## Goal of the exercise
Below are records. Copy every line with "commute" in it.

## Materials provided
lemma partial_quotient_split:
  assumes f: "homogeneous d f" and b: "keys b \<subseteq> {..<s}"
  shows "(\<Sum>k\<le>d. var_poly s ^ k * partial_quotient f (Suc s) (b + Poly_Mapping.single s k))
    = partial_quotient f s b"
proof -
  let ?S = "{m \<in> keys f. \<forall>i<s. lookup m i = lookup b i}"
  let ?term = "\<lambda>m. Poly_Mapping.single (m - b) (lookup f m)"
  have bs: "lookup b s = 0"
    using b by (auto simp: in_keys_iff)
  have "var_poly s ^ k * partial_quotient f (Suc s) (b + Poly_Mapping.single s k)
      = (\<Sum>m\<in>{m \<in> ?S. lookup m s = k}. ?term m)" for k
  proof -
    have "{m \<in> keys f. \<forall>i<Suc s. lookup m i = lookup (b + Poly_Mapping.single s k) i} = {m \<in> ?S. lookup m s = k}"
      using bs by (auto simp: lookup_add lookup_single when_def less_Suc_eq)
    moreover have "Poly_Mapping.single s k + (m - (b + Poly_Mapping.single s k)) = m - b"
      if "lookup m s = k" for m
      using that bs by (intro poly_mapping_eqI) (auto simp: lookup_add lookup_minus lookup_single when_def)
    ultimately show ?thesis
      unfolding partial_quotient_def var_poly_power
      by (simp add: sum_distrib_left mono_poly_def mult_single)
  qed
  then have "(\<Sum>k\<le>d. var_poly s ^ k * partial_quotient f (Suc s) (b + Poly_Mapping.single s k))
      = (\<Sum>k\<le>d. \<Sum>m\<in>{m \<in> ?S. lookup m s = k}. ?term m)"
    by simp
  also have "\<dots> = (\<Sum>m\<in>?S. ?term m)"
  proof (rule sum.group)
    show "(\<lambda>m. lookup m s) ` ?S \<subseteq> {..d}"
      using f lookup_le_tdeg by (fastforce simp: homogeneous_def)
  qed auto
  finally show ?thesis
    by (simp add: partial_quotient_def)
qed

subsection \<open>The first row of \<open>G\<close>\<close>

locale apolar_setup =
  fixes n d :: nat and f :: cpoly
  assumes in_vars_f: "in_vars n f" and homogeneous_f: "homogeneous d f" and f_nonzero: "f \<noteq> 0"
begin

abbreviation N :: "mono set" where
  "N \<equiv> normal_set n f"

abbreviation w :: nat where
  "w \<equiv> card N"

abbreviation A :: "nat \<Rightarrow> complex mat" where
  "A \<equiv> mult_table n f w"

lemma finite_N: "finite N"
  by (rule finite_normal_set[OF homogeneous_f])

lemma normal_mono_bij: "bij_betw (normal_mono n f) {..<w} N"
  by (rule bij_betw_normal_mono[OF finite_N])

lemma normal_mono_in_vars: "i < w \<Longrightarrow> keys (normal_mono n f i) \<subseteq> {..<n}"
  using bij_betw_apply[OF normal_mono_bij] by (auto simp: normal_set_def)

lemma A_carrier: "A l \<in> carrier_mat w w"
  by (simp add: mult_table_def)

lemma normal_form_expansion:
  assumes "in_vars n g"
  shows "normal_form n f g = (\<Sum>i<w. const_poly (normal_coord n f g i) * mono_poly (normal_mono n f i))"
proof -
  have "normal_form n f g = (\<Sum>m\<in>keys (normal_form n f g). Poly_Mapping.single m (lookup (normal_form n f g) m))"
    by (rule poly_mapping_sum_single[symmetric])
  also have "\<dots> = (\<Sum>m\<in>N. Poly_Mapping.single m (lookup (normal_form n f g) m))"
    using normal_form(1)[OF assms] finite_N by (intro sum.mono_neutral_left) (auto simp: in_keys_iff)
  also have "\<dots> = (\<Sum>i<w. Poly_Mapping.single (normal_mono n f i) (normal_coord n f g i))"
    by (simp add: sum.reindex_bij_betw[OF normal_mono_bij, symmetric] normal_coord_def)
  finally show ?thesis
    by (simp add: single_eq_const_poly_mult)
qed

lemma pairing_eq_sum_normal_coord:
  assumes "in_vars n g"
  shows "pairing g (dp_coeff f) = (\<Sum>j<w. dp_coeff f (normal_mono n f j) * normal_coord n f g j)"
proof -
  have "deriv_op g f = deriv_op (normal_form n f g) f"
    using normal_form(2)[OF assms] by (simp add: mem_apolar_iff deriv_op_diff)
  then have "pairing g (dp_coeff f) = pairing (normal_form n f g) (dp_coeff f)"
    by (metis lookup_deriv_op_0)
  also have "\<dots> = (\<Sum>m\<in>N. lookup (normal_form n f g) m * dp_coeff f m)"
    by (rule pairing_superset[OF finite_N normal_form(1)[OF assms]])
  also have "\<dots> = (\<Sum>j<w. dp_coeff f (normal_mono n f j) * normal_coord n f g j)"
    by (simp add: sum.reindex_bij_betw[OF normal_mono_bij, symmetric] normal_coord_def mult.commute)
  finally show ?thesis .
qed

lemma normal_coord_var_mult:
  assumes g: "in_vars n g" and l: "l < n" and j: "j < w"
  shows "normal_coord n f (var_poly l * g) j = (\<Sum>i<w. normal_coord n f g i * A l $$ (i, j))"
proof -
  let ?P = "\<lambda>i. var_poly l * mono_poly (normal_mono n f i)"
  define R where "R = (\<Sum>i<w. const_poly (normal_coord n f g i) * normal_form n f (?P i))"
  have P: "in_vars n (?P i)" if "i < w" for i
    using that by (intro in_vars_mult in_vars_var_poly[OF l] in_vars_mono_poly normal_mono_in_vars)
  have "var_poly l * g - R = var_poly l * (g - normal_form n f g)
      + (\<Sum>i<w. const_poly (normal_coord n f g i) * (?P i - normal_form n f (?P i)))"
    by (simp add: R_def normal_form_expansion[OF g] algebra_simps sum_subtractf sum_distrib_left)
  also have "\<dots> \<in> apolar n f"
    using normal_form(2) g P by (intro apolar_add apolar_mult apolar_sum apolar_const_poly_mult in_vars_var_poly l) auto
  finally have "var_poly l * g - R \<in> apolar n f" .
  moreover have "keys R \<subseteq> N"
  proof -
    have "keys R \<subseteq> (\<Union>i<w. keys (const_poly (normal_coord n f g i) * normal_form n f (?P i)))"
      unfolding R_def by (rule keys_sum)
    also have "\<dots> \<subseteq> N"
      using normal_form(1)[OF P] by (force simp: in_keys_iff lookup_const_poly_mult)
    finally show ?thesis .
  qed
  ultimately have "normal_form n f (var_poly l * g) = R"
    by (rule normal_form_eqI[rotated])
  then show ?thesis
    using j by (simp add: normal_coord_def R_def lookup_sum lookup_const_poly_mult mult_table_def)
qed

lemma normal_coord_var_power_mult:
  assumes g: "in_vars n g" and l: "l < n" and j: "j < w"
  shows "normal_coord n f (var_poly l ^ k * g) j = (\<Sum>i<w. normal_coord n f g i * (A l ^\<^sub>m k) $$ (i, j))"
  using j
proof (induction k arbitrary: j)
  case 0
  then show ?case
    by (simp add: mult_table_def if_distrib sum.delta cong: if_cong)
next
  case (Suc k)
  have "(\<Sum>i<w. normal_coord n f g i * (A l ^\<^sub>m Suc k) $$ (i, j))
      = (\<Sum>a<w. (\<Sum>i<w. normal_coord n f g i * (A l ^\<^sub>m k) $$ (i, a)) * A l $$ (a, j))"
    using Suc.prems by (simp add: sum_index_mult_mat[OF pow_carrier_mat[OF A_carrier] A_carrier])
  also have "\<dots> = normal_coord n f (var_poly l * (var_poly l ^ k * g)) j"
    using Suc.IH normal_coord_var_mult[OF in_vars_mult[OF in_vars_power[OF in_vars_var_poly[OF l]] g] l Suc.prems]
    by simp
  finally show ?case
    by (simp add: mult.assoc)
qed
--
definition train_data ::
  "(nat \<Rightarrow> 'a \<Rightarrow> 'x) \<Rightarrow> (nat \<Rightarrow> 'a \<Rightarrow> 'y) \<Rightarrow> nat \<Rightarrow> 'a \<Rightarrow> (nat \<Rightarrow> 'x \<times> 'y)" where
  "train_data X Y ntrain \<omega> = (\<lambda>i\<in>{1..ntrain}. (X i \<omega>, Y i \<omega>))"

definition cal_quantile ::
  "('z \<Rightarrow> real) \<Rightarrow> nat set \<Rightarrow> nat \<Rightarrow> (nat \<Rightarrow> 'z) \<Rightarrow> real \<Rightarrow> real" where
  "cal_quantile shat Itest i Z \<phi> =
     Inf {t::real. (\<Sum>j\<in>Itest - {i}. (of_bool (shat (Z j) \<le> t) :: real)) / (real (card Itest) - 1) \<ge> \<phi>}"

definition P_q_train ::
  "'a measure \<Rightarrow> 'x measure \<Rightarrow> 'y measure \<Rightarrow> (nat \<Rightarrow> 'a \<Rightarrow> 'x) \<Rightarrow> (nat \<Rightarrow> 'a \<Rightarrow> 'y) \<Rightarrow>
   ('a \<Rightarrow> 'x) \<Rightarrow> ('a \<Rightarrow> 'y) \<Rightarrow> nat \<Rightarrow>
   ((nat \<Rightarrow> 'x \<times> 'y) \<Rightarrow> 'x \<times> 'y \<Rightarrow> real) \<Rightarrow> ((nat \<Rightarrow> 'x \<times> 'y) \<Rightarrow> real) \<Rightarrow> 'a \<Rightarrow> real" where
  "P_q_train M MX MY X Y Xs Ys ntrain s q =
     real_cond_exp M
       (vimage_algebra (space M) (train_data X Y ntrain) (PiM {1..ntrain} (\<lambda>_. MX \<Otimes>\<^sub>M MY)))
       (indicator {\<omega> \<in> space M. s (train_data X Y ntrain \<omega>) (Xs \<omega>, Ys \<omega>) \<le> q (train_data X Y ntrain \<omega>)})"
--
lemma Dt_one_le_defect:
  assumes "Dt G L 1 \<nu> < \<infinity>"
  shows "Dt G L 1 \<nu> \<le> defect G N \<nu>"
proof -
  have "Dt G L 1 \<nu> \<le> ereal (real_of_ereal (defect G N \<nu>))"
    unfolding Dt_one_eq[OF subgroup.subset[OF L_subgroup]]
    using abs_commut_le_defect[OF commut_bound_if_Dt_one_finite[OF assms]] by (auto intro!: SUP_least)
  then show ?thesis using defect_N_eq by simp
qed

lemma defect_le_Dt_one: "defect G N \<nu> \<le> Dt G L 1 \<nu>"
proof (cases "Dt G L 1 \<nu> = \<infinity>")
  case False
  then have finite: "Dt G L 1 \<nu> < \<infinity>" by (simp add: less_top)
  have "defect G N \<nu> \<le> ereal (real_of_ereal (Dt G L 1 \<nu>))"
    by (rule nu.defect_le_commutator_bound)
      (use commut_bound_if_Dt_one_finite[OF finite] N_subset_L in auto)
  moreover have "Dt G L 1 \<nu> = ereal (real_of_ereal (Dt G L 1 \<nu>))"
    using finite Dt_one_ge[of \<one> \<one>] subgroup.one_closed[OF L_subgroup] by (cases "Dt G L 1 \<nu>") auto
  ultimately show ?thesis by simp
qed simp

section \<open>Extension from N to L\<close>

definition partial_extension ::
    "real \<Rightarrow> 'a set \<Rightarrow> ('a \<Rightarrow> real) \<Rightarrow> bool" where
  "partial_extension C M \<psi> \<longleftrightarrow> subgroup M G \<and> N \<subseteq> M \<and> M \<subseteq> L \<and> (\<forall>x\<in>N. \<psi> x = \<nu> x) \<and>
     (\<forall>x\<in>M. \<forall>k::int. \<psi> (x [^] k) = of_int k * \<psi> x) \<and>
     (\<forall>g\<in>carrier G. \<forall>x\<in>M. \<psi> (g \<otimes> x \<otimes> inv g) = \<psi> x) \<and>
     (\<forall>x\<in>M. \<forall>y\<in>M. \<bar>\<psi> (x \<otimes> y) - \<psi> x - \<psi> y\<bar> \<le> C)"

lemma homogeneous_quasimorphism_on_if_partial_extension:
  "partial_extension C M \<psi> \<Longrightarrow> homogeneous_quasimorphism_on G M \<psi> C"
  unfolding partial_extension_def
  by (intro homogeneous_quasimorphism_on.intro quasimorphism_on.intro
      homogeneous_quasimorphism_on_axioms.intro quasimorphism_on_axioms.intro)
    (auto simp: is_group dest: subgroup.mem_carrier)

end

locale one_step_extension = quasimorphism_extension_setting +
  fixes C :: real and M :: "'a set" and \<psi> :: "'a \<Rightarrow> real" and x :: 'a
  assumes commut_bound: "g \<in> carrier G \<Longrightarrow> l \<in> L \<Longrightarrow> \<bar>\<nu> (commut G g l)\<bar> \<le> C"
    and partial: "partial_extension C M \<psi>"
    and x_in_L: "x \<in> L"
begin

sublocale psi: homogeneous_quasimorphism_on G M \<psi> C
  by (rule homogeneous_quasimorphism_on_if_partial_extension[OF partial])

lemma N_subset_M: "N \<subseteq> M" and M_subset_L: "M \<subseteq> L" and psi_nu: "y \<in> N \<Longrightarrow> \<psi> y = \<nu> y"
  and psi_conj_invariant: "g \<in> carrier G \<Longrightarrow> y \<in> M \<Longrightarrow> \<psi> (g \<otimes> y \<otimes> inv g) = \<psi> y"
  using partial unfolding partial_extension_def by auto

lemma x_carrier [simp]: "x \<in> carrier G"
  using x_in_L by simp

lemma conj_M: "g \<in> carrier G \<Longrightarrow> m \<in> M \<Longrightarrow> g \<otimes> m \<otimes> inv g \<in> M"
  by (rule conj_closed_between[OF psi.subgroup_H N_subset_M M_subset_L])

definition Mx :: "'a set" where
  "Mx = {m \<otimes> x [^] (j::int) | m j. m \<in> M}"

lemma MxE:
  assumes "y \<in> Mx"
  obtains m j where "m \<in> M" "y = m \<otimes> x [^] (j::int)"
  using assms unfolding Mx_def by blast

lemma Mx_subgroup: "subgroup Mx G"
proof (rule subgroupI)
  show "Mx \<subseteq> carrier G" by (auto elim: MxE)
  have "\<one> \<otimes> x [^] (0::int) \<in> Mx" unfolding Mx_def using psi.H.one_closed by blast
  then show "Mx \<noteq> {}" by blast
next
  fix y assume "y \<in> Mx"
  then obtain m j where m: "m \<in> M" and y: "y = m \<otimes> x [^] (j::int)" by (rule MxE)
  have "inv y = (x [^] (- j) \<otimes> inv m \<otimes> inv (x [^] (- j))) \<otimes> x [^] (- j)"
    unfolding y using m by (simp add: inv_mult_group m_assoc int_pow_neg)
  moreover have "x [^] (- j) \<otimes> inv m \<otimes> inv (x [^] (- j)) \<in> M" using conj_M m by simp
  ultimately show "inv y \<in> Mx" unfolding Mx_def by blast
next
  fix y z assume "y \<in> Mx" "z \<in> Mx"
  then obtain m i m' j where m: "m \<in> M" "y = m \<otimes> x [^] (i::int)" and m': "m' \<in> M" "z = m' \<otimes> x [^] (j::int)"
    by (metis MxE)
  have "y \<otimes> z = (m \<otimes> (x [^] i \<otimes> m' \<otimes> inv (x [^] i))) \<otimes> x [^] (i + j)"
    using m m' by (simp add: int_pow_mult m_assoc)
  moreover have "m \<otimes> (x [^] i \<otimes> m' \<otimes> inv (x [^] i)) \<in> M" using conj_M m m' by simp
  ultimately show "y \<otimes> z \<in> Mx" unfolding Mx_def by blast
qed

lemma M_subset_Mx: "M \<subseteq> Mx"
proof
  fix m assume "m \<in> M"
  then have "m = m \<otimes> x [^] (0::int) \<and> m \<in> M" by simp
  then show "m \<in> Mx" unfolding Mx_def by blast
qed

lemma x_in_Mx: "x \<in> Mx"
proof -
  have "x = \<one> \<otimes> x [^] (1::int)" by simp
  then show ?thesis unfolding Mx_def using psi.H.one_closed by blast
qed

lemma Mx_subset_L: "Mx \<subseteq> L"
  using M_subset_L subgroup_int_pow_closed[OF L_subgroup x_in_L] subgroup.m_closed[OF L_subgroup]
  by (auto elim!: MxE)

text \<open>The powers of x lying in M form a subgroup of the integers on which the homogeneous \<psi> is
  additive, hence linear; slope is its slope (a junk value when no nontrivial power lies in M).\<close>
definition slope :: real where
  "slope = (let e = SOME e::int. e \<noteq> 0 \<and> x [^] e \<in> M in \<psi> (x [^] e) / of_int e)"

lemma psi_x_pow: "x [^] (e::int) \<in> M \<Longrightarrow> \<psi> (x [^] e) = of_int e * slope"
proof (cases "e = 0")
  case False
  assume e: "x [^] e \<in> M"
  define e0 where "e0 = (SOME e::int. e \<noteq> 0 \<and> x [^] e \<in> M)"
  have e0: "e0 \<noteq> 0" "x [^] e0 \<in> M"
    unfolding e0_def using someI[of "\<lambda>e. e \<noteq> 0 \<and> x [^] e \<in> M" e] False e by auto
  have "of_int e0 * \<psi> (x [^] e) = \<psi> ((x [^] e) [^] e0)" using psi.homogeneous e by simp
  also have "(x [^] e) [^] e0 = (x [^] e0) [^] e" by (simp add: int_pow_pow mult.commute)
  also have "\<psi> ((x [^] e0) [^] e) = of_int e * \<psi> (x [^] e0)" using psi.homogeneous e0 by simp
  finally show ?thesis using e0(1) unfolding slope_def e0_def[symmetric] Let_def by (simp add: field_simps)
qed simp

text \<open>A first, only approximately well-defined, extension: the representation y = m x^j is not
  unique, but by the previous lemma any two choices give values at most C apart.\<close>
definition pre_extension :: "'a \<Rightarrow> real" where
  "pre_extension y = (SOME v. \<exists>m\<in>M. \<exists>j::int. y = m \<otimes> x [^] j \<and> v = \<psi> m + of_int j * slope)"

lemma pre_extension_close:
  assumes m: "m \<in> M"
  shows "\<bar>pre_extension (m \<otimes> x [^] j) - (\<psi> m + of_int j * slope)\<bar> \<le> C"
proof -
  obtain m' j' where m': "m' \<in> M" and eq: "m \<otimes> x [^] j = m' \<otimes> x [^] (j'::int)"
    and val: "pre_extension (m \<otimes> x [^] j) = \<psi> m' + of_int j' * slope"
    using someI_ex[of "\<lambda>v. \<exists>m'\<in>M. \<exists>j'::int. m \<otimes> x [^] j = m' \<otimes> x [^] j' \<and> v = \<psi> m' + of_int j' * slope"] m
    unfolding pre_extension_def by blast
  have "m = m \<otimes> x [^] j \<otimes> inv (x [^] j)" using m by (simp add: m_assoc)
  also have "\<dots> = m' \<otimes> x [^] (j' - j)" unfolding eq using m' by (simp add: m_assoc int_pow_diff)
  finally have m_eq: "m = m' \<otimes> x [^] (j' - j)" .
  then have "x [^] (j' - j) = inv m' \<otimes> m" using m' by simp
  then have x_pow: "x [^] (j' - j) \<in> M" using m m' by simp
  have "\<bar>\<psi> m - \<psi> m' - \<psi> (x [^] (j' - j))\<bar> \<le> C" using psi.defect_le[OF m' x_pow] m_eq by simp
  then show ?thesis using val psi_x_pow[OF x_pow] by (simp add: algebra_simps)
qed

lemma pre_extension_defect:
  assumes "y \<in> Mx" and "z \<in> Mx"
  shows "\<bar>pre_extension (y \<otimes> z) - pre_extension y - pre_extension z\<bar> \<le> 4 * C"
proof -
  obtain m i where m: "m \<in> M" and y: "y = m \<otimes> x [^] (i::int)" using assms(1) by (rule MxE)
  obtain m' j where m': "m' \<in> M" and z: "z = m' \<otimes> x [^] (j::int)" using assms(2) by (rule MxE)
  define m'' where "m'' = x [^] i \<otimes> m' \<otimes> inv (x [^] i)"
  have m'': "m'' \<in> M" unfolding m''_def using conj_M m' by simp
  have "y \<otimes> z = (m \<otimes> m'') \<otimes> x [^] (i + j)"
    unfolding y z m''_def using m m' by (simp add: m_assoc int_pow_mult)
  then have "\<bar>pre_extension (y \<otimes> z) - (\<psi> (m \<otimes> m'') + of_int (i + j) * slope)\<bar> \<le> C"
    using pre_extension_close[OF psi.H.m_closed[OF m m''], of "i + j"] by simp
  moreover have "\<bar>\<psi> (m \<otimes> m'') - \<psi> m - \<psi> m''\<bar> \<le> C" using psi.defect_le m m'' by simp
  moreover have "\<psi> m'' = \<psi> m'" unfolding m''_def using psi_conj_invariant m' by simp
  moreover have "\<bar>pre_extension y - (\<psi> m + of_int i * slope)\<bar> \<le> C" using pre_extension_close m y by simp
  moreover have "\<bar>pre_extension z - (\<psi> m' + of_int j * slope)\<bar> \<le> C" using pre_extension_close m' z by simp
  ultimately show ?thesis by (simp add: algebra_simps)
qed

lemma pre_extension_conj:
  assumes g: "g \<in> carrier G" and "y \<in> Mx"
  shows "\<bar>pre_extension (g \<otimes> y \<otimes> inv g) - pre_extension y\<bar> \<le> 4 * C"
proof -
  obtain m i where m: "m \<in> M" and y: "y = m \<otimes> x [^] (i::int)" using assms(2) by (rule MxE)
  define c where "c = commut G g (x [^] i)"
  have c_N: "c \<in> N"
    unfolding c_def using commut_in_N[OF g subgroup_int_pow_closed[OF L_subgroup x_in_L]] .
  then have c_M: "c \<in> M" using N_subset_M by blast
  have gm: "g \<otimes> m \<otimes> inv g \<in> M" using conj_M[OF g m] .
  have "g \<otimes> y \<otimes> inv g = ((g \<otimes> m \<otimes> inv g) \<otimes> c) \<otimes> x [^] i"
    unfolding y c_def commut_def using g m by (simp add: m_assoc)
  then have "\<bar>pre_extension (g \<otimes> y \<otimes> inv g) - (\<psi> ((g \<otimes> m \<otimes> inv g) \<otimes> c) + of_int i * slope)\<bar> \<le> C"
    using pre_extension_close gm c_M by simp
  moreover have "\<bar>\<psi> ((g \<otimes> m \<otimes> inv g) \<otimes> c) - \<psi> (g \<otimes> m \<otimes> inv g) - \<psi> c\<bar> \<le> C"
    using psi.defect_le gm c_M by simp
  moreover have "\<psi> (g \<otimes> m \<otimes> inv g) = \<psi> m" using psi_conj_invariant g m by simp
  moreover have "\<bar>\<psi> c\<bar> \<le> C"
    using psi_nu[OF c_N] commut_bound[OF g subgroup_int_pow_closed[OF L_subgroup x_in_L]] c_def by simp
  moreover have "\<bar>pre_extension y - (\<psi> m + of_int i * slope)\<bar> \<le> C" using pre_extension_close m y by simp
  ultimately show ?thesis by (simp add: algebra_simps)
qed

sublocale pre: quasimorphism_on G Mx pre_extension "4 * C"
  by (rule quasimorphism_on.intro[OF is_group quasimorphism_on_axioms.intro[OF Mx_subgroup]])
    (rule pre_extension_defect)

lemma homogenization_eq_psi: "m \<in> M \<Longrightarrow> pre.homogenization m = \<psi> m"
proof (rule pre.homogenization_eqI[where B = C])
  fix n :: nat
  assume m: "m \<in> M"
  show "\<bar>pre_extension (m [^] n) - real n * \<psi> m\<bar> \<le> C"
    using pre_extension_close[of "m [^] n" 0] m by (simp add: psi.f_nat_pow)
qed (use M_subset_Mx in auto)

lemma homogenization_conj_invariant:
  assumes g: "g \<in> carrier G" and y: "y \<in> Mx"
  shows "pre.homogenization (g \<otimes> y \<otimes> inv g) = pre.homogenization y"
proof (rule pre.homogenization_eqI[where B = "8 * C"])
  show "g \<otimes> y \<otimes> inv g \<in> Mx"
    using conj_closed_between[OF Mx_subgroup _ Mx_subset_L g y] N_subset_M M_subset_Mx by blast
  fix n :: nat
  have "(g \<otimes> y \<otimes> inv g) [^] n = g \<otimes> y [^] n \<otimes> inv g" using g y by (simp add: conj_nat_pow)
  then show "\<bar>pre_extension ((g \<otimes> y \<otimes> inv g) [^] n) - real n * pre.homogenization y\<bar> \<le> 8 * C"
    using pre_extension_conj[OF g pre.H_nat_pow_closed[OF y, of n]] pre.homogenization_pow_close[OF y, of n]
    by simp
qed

## Result
    by (simp add: sum.reindex_bij_betw[OF normal_mono_bij, symmetric] normal_coord_def mult.commute)
  also have "(x [^] e) [^] e0 = (x [^] e0) [^] e" by (simp add: int_pow_pow mult.commute)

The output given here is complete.